L'ennui c'est que M. Todd n'est pas économiste mais plutôt démographe et politologue. Et que du coup il se trompe.  Ce n'est pas en renforçant le protectionnisme qu'on sortira de la crise mondiale et ce n'est pas la liberté des échanges commerciaux  qui en est la source.

 Comme nous l'avons démontré ici la cause est dans le système monétaire des changes flottants habillant une monnaie de réserve nationale non gérée comme telle, le dollar.  Ce système ne résulte pas d'une forte pensée économique mais d'un état de fait qui s'est accompagné d'une vulgate complaisante, fournie pour l'essentiel par Milton Friedman et qui s'est révélée intégralement fausse.  Cette vulgate justifie des institutions insensée comme une Banque centrale Européenne n'ayant pour fonction que de gérer l'inflation dans la zone Euro et se retrouvant à faire tout et n'importe quoi, faute de toute institution unifiée dans la conduite économique de la zone.  Elle explique que l'on sacralise les changes flottants  et les mouvements de capitaux incontrôlables, et qu'on explique doctement qu'en les laissant encore plus et mieux flotter ils reflèteront encore mieux  "la santé d'une économie".   Les changes flottants sont la résultantes pour l'essentiel (80%) d'ordres d'achats et de ventes pilotés par des programmes informatiques qui ont leur propre logique et qui engendrent une instabilité profitable pour les propriétaires de ces outils et totalement débilitante pour tous les autres agents économiques.

S'il n'y a personne pour casser cette vulgate alors l'Europe et la France seront prisonniers d'une  déflation larvée,  permanente et destructrice.

Emmanuel Todd est bien conscient qu'il faut casser ce  qui emprisonne la pensée et l'action des décideurs.  Mais il ne casse pas à l'endroit où il faut.

Nous n'avons pas à craindre la prospérité de l'Inde, de la Chine ou du Brésil, pas plus que la France n'a eu à se plaindre de la prospérité des Etats unis et des succès économiques de l'Allemagne.

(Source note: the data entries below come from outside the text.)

lemma chibar_eigenvector_cases:
  fixes k :: "'a::euclidean_space set"
  assumes k: "subspace k" "k \<noteq> UNIV" and x: "x \<noteq> 0" and eig: "chibar k x = l *\<^sub>R x"
  shows "(l = 0 \<and> x \<in> k) \<or> (l = 1 / real (DIM('a) - dim k) \<and> projop k x = 0)"
proof -
  define c where "c = 1 / real (DIM('a) - dim k)"
  have c: "0 < c" unfolding c_def using chibar_coeff_pos[OF k] .
  have ch: "chibar k x = c *\<^sub>R (x - projop k x)" unfolding c_def by (rule chibar_apply)
  have "l *\<^sub>R projop k x = 0"
    using projop_chibar[OF k(1), of x] by (simp add: eig blinfun.scaleR_right)
  show ?thesis
  proof (cases "l = 0")
    case True
    hence "x = projop k x" using eig ch c by simp
    thus ?thesis using True projop_in[OF k(1)] by metis
  next
    case False
    hence P0: "projop k x = 0" using \<open>l *\<^sub>R projop k x = 0\<close> by simp
    hence "(c - l) *\<^sub>R x = 0" using eig ch by (simp add: scaleR_diff_left)
    thus ?thesis using x P0 unfolding c_def by simp
  qed
qed

lemma Fsub_chibar:
  fixes k :: "'a::euclidean_space set"
  assumes k: "subspace k" "k \<noteq> UNIV"
  shows "Fsub (chibar k) a = (if a < 0 then {0} else if a < 1 / real (DIM('a) - dim k) then k else UNIV)"
proof -
  define c where "c = 1 / real (DIM('a) - dim k)"
  have c: "0 < c" unfolding c_def using chibar_coeff_pos[OF k] .
  note cases = chibar_eigenvector_cases[OF k, folded c_def]
  have neg: "Fsub (chibar k) a = {0}" if "a < 0"
  proof -
    have e: "{x. x \<noteq> 0 \<and> (\<exists>l\<le>a. chibar k x = l *\<^sub>R x)} = {}" using cases that c by fastforce
    show ?thesis unfolding Fsub_def e by (rule span_empty)
  qed
  have kin: "k \<subseteq> Fsub (chibar k) a" if "0 \<le> a"
    using chibar_eq_0[OF k(1)] that by (auto intro: Fsub_eigenvector[of _ _ 0])
  have small: "Fsub (chibar k) a \<subseteq> k" if "a < c"
    unfolding Fsub_def using cases that k by (intro span_minimal) fastforce+
  have big: "Fsub (chibar k) a = UNIV" if "c \<le> a"
  proof -
    have "x - projop k x \<in> Fsub (chibar k) a" for x
      using that by (intro Fsub_eigenvector[of _ _ c])
        (simp_all add: c_def chibar_apply projop_idem[OF k(1)] blinfun.diff_right)
    moreover have "projop k x \<in> Fsub (chibar k) a" for x using kin that c projop_in[OF k(1)] by auto
    ultimately have "(x - projop k x) + projop k x \<in> Fsub (chibar k) a" for x
      using subspace_Fsub subspace_add by blast
    thus ?thesis by auto
  qed
  show ?thesis using neg kin small big unfolding c_def[symmetric] by auto
qed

Les marchés prospères ouvrent d'autres marchés prospères. Les entreprises françaises ont tout à gagner à l'expansion générale. Mais il faut que les produits s'échangent contre des produits et non pas contre des monnaies qui font le yoyo, des monnaies dévaluées artificiellement, des monnaies dont personne n'est responsable. On ne peut commercer équitablement qu'avec des pays qui équilibrent leurs échanges autour d'une valeur internationalement reconnue de leur monnaie. Equité et équilibre vont ensemble. Stabilité des changes et croissance générale aussi.

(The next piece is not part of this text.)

(* Let $M_b=\langle S_b,A_b,T_b\rangle$ be the $b$-bounded MDP of a relational MDP $K=\langle\Sigma,\Delta\rangle$, $\phi$ a relational pCTL sentence, and $C=consts(\phi)\cup consts(\Delta)$. Let $s_1,s_2\in S_b$ with $s_1\sim_C s_2$ via the bijection $f$ (extended by the identity on $C$), and let $\delta=\{H_1\xleftarrow{p_1:\alpha}B,\dots,H_n\xleftarrow{p_n:\alpha}B\}\in\Delta$. For a substitution $\theta_1$ with $s_1\preceq_{\theta_1}B$ and the corresponding indistinguishable substitution $\theta_2=f\circ\theta_1$, consider the ground transition sets $$t(s_1,\alpha\theta_1)=\{h_{1,i}\xleftarrow{p_i:\alpha\theta_1}s_1 \mid H_i\xleftarrow{p_i:\alpha}B\in\delta,\ h_{1,i}=(s_1\setminus B\theta_1)\cup H_i\theta_1\},$$ $$t(s_2,\alpha\theta_2)=\{h_{2,i}\xleftarrow{p_i:\alpha\theta_2}s_2 \mid H_i\xleftarrow{p_i:\alpha}B\in\delta,\ h_{2,i}=(s_2\setminus B\theta_2)\cup H_i\theta_2\}.$$ Then these two sets of ground transitions share the same transition probabilities: $s_1$ under $\alpha\theta_1$ and $s_2$ under $\alpha\theta_2$ have identical probabilities of going to each class of mutually indistinguishable states (under $C$).
   Context: Relational logic: terms are variables or constants; atoms $p(t_1,\dots,t_m)$; an abstract state is a finite set of atoms. Object identity assumption: distinct terms in a conjunction denote distinct objects. OI-subsumption: $A\preceq_\theta B$ iff $\theta$ is a substitution with $B\theta\subseteq A$ mapping distinct terms of $B$ to distinct terms. A Herbrand interpretation is a set of ground atoms; $\mathit{adom}(s)=consts(s)$. Relational MDP $K=\langle\Sigma,\Delta\rangle$, $\Sigma=\langle R,D\rangle$ ($R$ finite relation symbols, $D$ possibly infinite constants); $\Delta$ a finite set of abstract transitions, each a set of rules $\{H_1\xleftarrow{p_1:\alpha}B,\dots,H_n\xleftarrow{p_n:\alpha}B\}$ with abstract states $H_i,B$, $p_i\in[0,1]$, $\sum_ip_i=1$, $vars(H_i)\subseteq vars(B)$. The underlying ground MDP has Herbrand interpretations as states; from $s$, for each $\theta$ with $s\preceq_\theta B$, action $\alpha\theta$ leads to $(s\setminus B\theta)\cup H_i\theta$ with probability $p_i$. The $b$-bounded MDP $M_b$ restricts to states $s$ with $|\mathit{adom}(s)|\le b$ and transitions between such states. Indistinguishability: for states $s,s'$ with $C\subseteq consts(s)\cap consts(s')$, $s\sim_C s'$ iff there is a bijection $f:consts(s)\setminus C\to consts(s')\setminus C$ such that renaming the constants of $s$ by $f$ (fixing $C$) yields $s'$, i.e. $f(s)=s'$. Indistinguishable states are renamings of one another on the constants outside $C$. *)

theory Defs
  imports Complex_Main
begin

 Les états doivent donc avoir la responsabilité collective de défendre la valeur de la monnaie ce qui implique un contrôle bien plus étroit du crédit et des échanges purement financiers. 

Non il ne faut pas abandonner le capitalisme pour on ne sait quoi. Pas plus qu'il ne faut élever des murailles dans le commerce international des biens et des services. A une muraille correspondra une autre muraille et à la fin tout le monde sera pauvre.

En revanche il faut bien comprendre pourquoi l'organisation monétaire internationale ne fonctionne pas  et la réformer durablement.

Alors des états responsables pourront mettre l'emploi en tête de leurs objectifs  et les pays intelligents pourront sortir sans drame d'un "tout état " étouffant  et débilitant, en même temps que la jeunesse et la population émergeront de la désespérance actuelle. 

Didier Dufau, pour le Cercle des économistes e-toile.